Data for the task START
(* Let $\mathbb{F}$ be a finite field and $n\ge2$. The isolated subsemigroups of $M(n,\mathbb{F})$ are exactly: $M(n,\mathbb{F})$, $\mathrm{GL}(n,\mathbb{F})$, $I_{n-1}$, and all semigroups $S(\mathcal{A},\mathcal{B})=\{A\in M(n,\mathbb{F}) : \mathrm{Im}(A)\in\mathcal{A},\ \ker(A)\in\mathcal{B}\}$, where $\mathcal{A}$ is a nonempty set of $(n-1)$-dimensional subspaces of $\mathbb{F}^n$ and $\mathcal{B}$ is a nonempty set of $1$-dimensional subspaces of $\mathbb{F}^n$ such that $V_1\not\subseteq V_2$ for every $V_1\in\mathcal{B}$ and every $V_2\in\mathcal{A}$.
   Context: $M(n,\mathbb{F})$ is the semigroup of $n\times n$ matrices over $\mathbb{F}$ under multiplication, identified with linear operators on $\mathbb{F}^n$; $\mathrm{GL}(n,\mathbb{F})$ is its group of units; $I_{n-1}$ is the set of all matrices of rank at most $n-1$. A (nonempty) subsemigroup $T$ of a semigroup $S$ is isolated if for all $x\in S$ and positive integers $m$, $x^m\in T$ implies $x\in T$. *)

theory Defs
  imports "HOL-Analysis.Analysis"
begin

primrec mpow :: "'a::semiring_1^'n^'n \<Rightarrow> nat \<Rightarrow> 'a^'n^'n" where
  "mpow A 0 = mat 1"
| "mpow A (Suc m) = A ** mpow A m"

definition subsemigroup_mat :: "('a::semiring_1^'n^'n) set \<Rightarrow> bool" where
  "subsemigroup_mat T \<longleftrightarrow> T \<noteq> {} \<and> (\<forall>A\<in>T. \<forall>B\<in>T. A ** B \<in> T)"

definition isolated_subsemigroup :: "('a::semiring_1^'n^'n) set \<Rightarrow> bool" where
  "isolated_subsemigroup T \<longleftrightarrow> subsemigroup_mat T \<and>
     (\<forall>X m. 0 < m \<longrightarrow> mpow X m \<in> T \<longrightarrow> X \<in> T)"

definition mat_image :: "'a::field^'n^'n \<Rightarrow> ('a^'n) set" where
  "mat_image A = range (\<lambda>x. A *v x)"

definition mat_kernel :: "'a::field^'n^'n \<Rightarrow> ('a^'n) set" where
  "mat_kernel A = {x. A *v x = 0}"

definition S_sets :: "('a::field^'n) set set \<Rightarrow> ('a^'n) set set \<Rightarrow> ('a^'n^'n) set" where
  "S_sets \<A> \<B> = {A. mat_image A \<in> \<A> \<and> mat_kernel A \<in> \<B>}"

end

theory Submission
  imports Defs
begin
Data for the task END
» Problem requirements: Each line of the data must be returned exactly.

» Output:
(* Let $\mathbb{F}$ be a finite field and $n\ge2$. The isolated subsemigroups of $M(n,\mathbb{F})$ are exactly: $M(n,\mathbb{F})$, $\mathrm{GL}(n,\mathbb{F})$, $I_{n-1}$, and all semigroups $S(\mathcal{A},\mathcal{B})=\{A\in M(n,\mathbb{F}) : \mathrm{Im}(A)\in\mathcal{A},\ \ker(A)\in\mathcal{B}\}$, where $\mathcal{A}$ is a nonempty set of $(n-1)$-dimensional subspaces of $\mathbb{F}^n$ and $\mathcal{B}$ is a nonempty set of $1$-dimensional subspaces of $\mathbb{F}^n$ such that $V_1\not\subseteq V_2$ for every $V_1\in\mathcal{B}$ and every $V_2\in\mathcal{A}$.
   Context: $M(n,\mathbb{F})$ is the semigroup of $n\times n$ matrices over $\mathbb{F}$ under multiplication, identified with linear operators on $\mathbb{F}^n$; $\mathrm{GL}(n,\mathbb{F})$ is its group of units; $I_{n-1}$ is the set of all matrices of rank at most $n-1$. A (nonempty) subsemigroup $T$ of a semigroup $S$ is isolated if for all $x\in S$ and positive integers $m$, $x^m\in T$ implies $x\in T$. *)

theory Defs
  imports "HOL-Analysis.Analysis"
begin

primrec mpow :: "'a::semiring_1^'n^'n \<Rightarrow> nat \<Rightarrow> 'a^'n^'n" where
  "mpow A 0 = mat 1"
| "mpow A (Suc m) = A ** mpow A m"

definition subsemigroup_mat :: "('a::semiring_1^'n^'n) set \<Rightarrow> bool" where
  "subsemigroup_mat T \<longleftrightarrow> T \<noteq> {} \<and> (\<forall>A\<in>T. \<forall>B\<in>T. A ** B \<in> T)"

definition isolated_subsemigroup :: "('a::semiring_1^'n^'n) set \<Rightarrow> bool" where
  "isolated_subsemigroup T \<longleftrightarrow> subsemigroup_mat T \<and>
     (\<forall>X m. 0 < m \<longrightarrow> mpow X m \<in> T \<longrightarrow> X \<in> T)"

definition mat_image :: "'a::field^'n^'n \<Rightarrow> ('a^'n) set" where
  "mat_image A = range (\<lambda>x. A *v x)"

definition mat_kernel :: "'a::field^'n^'n \<Rightarrow> ('a^'n) set" where
  "mat_kernel A = {x. A *v x = 0}"

definition S_sets :: "('a::field^'n) set set \<Rightarrow> ('a^'n) set set \<Rightarrow> ('a^'n^'n) set" where
  "S_sets \<A> \<B> = {A. mat_image A \<in> \<A> \<and> mat_kernel A \<in> \<B>}"

end

theory Submission
  imports Defs
begin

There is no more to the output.